#### [Problem to work on]
Which lines in the records below include the word "residue"? Report each of them in full.

#### [Data to process]

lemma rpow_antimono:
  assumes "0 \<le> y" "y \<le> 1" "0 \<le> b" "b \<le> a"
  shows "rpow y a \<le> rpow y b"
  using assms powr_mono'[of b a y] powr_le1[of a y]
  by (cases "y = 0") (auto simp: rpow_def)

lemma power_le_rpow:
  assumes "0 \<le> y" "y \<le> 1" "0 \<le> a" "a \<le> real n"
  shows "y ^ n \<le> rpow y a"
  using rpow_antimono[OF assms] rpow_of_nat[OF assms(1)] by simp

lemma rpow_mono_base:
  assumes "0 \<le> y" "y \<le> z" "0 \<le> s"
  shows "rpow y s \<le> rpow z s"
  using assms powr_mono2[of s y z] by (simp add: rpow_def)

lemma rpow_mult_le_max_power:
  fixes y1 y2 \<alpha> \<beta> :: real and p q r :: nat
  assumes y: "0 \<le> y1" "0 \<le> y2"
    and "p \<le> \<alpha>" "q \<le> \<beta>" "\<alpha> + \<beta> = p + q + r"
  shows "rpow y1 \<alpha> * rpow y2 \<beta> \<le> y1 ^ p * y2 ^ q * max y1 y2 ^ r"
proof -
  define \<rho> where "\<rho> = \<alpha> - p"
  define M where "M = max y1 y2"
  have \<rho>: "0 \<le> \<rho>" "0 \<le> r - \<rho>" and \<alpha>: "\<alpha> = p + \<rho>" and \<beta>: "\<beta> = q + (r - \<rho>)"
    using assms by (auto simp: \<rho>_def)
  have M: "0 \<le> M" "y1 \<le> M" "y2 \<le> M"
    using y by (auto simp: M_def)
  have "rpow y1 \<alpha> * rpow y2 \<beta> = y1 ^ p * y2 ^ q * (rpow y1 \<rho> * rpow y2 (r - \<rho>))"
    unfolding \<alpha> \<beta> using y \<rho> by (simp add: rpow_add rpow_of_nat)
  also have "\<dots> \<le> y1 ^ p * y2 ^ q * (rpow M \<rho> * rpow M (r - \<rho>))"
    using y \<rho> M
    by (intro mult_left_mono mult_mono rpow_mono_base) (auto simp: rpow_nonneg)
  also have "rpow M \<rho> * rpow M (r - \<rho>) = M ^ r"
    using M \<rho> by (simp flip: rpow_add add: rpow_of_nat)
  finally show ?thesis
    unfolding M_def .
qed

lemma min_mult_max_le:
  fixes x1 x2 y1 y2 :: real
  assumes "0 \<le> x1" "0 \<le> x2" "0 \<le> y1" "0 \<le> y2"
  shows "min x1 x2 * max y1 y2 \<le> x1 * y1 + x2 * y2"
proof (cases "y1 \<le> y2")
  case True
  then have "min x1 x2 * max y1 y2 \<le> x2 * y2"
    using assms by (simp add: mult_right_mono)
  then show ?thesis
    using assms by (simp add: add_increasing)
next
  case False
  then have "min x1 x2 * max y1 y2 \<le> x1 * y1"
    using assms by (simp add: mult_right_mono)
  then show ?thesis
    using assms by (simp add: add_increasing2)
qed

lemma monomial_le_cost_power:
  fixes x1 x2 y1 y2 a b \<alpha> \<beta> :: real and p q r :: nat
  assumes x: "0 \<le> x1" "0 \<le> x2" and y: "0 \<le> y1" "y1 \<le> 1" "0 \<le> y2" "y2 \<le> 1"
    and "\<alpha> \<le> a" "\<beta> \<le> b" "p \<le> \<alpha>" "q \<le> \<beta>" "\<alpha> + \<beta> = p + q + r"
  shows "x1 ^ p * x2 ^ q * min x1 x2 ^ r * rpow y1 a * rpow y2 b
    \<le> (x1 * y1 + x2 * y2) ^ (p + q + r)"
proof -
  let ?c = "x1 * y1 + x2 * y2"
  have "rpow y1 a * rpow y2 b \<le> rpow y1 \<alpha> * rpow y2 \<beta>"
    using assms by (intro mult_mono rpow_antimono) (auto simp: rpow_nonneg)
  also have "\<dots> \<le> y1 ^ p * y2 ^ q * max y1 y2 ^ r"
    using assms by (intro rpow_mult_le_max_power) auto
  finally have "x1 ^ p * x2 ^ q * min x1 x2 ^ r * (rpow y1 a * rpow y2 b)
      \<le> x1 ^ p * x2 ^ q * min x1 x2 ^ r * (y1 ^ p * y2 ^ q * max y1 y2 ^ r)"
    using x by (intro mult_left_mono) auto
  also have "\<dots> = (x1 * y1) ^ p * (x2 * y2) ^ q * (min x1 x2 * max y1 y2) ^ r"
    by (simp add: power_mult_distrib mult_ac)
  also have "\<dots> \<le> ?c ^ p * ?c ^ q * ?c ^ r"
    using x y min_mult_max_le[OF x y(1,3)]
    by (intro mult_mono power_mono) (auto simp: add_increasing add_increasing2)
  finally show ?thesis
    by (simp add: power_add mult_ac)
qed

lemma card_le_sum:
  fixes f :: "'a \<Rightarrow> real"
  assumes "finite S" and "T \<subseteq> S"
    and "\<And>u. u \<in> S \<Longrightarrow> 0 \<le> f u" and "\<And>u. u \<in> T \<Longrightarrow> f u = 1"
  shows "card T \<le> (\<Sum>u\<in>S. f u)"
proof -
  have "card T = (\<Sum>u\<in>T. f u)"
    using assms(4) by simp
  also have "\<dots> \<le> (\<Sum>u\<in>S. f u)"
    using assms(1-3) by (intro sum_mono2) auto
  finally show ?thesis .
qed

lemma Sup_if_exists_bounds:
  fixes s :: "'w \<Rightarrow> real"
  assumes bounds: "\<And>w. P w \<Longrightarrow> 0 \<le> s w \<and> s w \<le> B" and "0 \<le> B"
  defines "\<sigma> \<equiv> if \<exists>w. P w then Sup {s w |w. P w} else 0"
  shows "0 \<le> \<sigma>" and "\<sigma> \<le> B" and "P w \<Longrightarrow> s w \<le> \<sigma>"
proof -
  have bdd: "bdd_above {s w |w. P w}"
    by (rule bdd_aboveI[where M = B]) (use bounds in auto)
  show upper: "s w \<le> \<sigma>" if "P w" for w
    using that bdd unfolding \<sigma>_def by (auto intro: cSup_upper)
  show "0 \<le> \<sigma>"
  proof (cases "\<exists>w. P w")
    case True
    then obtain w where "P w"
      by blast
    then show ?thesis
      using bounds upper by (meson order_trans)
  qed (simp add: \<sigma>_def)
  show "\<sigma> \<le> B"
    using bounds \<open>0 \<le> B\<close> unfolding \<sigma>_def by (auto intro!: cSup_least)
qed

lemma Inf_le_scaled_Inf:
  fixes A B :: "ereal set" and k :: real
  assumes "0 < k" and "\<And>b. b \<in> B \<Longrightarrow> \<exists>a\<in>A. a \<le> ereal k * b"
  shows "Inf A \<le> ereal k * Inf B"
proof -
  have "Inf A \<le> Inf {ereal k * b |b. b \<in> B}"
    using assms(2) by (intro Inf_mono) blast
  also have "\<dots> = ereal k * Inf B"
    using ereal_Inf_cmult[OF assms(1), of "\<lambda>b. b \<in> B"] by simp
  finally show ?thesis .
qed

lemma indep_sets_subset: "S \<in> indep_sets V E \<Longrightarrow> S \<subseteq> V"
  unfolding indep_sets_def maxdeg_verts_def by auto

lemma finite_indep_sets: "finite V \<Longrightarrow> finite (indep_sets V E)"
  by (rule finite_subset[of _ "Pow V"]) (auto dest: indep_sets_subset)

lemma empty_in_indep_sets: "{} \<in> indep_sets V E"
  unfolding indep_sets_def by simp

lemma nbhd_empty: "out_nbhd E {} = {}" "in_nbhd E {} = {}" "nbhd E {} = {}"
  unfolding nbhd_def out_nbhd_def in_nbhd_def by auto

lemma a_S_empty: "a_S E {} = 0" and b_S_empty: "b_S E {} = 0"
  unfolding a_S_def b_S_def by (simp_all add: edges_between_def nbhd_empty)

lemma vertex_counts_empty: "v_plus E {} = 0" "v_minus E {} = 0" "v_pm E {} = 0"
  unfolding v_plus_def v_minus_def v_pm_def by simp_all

==

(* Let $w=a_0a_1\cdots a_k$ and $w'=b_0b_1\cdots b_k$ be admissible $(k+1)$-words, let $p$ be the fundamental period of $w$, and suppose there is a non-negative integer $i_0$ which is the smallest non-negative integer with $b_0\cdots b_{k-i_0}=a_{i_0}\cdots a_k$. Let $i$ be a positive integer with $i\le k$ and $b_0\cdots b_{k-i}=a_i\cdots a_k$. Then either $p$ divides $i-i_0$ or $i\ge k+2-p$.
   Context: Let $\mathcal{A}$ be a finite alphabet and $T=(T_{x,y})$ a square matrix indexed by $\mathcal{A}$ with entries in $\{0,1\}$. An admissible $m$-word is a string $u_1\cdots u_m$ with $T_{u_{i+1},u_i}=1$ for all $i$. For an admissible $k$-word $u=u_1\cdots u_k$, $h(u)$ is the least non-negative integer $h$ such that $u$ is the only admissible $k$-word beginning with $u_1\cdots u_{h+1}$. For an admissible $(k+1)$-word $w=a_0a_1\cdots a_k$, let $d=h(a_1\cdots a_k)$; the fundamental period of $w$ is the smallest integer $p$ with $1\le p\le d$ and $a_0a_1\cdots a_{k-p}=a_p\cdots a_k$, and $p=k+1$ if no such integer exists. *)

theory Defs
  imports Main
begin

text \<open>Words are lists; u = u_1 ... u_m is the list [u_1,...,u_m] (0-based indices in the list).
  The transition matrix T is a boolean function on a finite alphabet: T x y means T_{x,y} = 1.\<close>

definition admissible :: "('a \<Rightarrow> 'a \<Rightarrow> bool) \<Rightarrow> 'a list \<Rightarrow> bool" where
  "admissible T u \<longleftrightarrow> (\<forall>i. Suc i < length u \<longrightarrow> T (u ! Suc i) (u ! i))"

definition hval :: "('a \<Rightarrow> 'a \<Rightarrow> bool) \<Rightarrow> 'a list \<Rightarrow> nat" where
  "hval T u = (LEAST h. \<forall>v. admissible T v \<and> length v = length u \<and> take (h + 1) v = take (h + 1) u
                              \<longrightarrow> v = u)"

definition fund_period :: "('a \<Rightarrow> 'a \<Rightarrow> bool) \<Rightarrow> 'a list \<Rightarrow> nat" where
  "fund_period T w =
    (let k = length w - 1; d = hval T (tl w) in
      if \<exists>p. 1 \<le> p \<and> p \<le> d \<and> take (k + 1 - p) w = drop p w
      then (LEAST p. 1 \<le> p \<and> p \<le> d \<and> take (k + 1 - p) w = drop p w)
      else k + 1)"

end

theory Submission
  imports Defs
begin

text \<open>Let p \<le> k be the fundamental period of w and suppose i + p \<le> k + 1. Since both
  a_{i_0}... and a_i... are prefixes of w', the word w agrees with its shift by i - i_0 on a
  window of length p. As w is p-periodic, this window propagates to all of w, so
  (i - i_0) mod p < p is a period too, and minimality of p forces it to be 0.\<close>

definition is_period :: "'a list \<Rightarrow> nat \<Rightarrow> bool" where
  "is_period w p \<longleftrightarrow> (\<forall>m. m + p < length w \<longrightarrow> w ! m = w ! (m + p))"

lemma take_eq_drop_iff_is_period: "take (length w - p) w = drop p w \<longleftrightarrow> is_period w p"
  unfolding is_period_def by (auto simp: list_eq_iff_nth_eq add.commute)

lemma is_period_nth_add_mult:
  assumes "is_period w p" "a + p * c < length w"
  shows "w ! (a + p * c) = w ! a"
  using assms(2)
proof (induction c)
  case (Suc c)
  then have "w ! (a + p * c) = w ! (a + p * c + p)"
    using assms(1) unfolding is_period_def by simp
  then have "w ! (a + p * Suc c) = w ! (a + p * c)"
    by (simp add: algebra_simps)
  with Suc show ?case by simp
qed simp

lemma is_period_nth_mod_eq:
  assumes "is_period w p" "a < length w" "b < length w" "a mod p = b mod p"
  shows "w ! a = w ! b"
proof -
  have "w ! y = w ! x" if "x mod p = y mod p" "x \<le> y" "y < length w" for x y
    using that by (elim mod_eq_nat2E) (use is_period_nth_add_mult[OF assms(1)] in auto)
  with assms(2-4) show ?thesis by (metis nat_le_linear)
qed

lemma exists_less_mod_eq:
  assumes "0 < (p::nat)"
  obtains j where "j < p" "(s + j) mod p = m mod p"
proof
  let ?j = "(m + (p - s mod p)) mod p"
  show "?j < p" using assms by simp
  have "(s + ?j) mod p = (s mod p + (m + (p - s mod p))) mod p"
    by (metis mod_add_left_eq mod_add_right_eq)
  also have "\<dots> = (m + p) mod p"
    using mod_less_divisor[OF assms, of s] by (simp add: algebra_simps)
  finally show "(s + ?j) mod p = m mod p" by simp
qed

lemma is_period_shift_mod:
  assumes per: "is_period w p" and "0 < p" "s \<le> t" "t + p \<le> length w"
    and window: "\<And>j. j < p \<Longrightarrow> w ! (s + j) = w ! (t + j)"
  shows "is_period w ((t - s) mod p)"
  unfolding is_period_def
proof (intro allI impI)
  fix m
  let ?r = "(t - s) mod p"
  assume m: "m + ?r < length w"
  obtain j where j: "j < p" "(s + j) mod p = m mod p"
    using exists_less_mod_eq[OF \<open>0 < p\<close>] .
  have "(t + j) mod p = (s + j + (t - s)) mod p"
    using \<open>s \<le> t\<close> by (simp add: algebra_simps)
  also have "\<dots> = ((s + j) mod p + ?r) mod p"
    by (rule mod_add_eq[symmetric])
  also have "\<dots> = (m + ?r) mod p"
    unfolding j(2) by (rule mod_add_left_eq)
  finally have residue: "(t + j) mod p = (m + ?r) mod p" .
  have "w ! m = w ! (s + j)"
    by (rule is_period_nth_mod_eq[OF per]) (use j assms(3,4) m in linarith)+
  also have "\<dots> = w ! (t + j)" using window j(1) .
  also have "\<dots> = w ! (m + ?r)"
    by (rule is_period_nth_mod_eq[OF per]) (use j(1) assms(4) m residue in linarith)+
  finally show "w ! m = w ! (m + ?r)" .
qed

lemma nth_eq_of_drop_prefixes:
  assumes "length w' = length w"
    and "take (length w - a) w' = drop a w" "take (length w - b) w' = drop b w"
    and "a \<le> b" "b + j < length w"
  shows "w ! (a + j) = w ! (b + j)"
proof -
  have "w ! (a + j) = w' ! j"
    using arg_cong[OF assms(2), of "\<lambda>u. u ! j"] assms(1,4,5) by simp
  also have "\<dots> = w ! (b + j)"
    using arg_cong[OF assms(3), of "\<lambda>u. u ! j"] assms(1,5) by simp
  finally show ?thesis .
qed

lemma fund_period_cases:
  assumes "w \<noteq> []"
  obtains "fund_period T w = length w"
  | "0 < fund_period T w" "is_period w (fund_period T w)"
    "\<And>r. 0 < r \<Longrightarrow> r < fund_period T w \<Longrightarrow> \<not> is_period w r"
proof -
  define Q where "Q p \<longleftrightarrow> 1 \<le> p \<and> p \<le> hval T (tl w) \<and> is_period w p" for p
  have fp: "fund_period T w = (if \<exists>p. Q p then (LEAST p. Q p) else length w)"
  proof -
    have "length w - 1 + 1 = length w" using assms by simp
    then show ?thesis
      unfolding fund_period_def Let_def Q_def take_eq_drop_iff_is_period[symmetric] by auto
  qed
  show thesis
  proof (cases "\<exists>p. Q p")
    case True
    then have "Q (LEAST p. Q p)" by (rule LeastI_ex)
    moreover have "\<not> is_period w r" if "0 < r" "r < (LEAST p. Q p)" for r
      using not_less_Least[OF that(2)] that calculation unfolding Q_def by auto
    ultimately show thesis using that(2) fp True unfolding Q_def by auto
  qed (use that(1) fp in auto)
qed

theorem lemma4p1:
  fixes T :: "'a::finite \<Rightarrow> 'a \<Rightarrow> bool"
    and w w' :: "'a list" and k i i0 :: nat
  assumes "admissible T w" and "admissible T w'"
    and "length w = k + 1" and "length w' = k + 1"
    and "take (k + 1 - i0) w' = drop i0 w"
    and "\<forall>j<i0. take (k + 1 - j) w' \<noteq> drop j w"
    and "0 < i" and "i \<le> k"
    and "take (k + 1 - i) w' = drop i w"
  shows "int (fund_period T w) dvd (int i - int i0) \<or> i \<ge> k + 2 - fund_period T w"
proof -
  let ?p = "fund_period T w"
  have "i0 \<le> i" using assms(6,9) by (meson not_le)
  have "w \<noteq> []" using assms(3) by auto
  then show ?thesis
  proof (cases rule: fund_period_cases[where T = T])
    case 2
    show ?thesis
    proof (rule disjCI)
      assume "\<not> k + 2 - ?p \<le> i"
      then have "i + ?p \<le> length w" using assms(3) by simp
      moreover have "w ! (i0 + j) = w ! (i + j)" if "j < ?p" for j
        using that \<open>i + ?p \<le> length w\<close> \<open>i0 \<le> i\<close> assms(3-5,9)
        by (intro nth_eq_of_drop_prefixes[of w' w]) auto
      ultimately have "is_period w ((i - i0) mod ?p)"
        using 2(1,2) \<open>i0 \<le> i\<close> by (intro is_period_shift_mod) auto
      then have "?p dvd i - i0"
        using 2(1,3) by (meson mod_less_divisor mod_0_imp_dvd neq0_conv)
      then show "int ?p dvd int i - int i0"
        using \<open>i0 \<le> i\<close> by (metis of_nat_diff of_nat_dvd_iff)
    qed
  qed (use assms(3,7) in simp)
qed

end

#### [Solved exercise]
  finally have residue: "(t + j) mod p = (m + ?r) mod p" .
    by (rule is_period_nth_mod_eq[OF per]) (use j(1) assms(4) m residue in linarith)+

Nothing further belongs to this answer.